* [MATERIAL FOR THIS EXERCISE]:
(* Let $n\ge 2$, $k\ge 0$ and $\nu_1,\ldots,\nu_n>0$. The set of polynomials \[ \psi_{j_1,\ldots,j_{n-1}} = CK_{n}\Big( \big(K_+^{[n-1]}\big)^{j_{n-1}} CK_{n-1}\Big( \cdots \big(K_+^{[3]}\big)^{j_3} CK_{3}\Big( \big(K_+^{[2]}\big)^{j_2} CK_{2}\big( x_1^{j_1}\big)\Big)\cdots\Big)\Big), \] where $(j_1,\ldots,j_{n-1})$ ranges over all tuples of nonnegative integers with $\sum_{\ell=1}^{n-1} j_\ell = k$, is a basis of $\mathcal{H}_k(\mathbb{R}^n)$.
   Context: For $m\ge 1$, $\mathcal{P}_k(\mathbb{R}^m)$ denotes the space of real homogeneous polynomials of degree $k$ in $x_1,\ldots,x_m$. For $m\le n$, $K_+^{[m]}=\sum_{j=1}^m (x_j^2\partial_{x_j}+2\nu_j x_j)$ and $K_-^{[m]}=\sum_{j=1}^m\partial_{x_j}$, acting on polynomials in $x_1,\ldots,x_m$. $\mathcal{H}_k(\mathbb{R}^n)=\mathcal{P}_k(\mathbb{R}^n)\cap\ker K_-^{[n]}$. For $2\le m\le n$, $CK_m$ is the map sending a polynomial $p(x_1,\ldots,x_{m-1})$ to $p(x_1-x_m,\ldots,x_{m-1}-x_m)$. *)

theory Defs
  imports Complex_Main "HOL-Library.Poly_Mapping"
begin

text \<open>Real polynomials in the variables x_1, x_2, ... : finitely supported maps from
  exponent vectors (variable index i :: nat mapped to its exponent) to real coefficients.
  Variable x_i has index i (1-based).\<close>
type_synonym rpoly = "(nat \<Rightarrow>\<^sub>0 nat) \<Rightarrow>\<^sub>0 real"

---

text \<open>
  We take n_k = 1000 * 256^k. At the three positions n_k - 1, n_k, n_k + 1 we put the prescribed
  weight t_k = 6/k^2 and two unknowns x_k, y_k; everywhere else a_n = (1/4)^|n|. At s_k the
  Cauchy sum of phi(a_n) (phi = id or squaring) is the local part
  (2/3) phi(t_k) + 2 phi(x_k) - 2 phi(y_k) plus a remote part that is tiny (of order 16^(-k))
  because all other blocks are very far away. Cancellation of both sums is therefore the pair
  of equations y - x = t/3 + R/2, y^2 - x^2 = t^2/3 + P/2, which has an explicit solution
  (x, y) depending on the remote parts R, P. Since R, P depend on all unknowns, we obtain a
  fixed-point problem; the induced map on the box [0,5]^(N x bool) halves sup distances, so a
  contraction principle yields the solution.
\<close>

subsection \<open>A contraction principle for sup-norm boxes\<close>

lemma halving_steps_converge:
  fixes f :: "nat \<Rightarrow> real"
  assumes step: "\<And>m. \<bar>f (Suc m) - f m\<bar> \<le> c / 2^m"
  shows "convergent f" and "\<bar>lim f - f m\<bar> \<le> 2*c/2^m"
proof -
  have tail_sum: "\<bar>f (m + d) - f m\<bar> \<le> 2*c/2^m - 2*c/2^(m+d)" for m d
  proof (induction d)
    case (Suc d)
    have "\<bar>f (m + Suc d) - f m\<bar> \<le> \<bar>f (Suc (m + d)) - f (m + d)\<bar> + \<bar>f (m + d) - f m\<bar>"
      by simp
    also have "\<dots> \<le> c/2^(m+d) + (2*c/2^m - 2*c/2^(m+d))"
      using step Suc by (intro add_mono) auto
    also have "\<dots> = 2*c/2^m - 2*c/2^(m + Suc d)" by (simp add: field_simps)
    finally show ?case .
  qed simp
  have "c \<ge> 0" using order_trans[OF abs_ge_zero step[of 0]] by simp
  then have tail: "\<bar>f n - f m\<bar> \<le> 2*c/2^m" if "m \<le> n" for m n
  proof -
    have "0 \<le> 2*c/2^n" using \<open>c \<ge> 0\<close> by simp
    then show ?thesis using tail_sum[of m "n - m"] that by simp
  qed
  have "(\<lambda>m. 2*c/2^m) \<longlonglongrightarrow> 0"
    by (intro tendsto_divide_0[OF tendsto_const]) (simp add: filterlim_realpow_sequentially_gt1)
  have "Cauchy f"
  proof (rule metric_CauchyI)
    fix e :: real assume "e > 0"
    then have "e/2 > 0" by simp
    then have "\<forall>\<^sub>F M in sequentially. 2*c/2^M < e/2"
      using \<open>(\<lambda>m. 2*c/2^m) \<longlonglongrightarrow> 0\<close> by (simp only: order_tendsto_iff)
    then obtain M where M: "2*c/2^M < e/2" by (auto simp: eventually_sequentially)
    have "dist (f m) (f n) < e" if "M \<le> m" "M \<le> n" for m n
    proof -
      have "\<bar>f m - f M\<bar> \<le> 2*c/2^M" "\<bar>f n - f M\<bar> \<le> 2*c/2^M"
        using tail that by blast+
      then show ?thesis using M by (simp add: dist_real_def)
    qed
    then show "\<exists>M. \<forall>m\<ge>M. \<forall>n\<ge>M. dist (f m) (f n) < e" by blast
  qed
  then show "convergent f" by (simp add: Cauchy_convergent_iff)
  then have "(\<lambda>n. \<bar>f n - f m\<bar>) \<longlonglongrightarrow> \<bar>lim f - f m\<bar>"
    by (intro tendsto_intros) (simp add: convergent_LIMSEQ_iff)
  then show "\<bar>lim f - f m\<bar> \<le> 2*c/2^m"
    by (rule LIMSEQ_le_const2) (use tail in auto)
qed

* [WORK TO BE COMPLETED]:
Check every line of the data for the word "that". The response is the count alone.

* [TASK RESULT]:
3